**Problem details**
Only the number is wanted: how many lines in the material below contain "proof".

Entries provided START

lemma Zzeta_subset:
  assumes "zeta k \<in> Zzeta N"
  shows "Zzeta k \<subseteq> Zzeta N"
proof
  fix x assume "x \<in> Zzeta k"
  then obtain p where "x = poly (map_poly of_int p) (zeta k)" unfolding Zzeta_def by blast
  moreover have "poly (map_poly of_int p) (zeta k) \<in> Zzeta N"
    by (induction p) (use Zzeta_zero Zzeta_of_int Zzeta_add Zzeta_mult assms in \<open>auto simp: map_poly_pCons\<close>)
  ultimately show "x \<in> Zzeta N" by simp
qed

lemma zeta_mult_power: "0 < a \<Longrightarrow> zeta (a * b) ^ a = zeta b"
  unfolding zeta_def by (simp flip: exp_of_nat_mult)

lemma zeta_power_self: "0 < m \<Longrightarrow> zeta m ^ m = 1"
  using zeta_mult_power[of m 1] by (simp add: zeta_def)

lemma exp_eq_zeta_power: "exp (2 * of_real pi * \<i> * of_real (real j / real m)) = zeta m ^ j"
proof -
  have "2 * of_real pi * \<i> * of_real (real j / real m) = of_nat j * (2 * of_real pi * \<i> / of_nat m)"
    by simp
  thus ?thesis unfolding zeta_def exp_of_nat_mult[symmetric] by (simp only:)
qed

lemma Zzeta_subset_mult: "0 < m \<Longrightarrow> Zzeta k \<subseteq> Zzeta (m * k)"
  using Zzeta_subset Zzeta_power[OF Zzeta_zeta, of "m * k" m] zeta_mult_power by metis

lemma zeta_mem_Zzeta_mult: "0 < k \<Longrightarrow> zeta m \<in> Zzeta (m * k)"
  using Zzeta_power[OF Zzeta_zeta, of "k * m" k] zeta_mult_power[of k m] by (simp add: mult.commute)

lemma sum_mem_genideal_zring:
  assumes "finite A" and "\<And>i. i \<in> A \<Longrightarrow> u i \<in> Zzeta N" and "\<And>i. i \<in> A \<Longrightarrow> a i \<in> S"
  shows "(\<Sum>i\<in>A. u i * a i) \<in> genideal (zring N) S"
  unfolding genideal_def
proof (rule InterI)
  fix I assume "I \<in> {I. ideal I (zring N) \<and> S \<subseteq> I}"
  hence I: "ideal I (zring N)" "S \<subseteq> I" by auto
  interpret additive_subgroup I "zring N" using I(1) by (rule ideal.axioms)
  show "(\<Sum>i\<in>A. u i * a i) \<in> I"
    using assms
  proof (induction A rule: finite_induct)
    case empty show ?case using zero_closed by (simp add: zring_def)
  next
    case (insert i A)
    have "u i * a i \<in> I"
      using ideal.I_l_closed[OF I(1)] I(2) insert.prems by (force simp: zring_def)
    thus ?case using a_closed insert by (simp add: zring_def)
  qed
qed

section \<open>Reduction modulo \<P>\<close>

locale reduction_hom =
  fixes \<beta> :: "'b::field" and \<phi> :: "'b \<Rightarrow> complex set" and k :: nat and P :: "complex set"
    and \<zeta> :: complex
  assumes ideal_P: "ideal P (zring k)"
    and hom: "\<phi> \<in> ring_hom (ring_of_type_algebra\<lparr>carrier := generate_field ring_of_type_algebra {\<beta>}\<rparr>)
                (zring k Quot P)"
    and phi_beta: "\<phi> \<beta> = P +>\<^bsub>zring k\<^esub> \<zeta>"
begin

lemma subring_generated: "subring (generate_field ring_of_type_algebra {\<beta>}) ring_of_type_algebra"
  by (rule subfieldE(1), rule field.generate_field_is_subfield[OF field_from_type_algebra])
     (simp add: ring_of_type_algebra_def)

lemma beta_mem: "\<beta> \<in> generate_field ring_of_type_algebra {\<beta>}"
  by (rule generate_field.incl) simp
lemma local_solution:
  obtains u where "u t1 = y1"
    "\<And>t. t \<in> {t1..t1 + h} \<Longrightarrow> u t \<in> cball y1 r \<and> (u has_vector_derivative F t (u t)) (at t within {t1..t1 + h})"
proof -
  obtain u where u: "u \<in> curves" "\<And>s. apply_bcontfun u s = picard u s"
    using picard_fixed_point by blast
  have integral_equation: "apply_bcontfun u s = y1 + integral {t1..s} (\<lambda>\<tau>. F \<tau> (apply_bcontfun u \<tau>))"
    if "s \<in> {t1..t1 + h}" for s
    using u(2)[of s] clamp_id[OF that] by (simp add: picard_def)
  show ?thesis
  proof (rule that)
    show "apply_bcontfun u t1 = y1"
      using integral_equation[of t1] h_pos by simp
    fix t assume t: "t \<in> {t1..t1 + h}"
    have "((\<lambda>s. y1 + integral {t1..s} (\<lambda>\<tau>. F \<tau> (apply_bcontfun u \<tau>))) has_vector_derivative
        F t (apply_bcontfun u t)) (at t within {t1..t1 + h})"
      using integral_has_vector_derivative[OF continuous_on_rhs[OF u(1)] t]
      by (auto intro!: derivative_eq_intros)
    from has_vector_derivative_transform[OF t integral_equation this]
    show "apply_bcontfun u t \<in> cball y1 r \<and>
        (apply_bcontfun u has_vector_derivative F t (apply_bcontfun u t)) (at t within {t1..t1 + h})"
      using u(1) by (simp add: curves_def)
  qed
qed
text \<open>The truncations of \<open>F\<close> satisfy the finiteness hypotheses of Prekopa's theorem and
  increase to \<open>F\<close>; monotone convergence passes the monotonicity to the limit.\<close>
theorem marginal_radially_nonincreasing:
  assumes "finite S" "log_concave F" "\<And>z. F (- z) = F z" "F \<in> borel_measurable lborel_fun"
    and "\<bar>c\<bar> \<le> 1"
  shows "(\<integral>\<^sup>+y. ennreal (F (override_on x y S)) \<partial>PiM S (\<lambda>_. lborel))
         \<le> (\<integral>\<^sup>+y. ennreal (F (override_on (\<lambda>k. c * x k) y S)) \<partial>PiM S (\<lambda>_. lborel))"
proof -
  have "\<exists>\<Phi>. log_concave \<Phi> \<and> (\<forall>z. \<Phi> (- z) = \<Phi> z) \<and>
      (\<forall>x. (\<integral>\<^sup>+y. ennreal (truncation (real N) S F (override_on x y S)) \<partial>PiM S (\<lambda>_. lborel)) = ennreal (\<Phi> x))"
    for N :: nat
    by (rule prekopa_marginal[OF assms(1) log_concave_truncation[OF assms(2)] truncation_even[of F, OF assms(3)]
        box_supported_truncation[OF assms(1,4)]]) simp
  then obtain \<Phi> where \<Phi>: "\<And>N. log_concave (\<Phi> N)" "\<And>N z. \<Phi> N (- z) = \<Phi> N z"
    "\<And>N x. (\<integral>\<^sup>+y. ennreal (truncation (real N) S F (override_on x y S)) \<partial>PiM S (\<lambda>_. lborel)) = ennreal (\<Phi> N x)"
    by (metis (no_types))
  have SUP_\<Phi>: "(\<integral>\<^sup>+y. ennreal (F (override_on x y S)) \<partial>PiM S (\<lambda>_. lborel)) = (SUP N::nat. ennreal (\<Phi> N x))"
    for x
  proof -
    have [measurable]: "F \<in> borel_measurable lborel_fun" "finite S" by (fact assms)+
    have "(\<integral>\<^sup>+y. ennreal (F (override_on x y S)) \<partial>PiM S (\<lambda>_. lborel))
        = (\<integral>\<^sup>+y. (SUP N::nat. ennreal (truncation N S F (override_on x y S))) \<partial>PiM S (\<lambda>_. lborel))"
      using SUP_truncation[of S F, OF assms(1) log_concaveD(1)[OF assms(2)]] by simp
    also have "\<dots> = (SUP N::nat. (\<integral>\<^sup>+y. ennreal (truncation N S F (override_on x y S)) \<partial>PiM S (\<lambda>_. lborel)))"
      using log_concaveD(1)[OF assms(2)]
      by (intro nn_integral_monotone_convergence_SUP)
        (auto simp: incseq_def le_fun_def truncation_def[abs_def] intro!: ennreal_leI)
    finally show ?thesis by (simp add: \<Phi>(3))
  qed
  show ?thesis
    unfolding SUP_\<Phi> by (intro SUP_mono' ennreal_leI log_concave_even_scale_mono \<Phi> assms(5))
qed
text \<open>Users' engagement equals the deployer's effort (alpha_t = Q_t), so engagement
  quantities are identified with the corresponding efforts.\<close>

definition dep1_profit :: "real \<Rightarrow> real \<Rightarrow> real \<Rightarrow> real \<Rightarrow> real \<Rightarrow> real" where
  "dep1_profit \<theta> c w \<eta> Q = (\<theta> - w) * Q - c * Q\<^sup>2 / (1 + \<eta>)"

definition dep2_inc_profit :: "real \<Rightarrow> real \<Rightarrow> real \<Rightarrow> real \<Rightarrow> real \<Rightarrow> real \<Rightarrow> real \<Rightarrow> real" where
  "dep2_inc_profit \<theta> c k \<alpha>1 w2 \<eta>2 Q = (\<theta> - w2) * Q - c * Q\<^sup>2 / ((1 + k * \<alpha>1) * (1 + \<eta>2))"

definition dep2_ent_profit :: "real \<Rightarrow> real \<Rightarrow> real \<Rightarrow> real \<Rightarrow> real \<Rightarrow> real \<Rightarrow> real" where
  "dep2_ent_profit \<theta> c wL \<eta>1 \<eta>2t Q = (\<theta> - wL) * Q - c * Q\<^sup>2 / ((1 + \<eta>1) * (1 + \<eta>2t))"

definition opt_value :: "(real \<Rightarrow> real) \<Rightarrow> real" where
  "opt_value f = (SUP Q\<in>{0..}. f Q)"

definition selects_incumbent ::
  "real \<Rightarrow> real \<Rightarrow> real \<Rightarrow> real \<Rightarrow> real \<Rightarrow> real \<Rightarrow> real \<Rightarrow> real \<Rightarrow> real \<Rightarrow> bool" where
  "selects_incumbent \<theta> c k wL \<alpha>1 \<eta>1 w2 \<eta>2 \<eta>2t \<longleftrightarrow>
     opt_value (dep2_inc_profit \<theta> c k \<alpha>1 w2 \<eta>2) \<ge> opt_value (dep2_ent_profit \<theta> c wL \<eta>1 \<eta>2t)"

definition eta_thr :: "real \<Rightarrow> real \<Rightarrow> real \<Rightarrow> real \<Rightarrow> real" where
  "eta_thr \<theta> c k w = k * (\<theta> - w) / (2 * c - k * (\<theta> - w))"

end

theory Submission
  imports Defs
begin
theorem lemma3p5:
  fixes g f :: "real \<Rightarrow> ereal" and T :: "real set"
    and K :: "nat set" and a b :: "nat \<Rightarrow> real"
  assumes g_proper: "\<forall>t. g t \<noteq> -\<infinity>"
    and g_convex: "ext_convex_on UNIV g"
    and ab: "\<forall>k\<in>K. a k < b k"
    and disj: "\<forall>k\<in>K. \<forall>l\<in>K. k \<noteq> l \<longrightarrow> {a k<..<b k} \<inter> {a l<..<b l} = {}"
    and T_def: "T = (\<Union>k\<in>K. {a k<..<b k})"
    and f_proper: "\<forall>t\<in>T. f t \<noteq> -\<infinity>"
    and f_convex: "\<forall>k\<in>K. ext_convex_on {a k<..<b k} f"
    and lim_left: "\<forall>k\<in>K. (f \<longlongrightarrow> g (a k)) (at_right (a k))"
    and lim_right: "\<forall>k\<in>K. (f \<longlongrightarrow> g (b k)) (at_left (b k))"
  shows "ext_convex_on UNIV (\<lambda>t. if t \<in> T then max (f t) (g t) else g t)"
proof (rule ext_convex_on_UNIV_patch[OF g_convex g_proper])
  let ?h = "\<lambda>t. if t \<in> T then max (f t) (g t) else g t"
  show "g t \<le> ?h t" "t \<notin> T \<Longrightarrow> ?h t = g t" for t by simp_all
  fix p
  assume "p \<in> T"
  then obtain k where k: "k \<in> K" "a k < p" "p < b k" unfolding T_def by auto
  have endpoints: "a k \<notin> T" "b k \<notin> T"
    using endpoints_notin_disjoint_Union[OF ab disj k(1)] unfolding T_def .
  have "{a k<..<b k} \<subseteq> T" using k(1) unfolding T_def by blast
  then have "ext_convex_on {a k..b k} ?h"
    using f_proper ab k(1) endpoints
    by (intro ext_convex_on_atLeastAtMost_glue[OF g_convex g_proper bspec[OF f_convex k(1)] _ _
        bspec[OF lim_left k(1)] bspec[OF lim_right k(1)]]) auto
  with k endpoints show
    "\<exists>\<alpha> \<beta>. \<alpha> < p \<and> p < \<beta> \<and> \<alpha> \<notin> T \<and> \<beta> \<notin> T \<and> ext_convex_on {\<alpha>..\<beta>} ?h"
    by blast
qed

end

Entries provided END

**Finished task**
9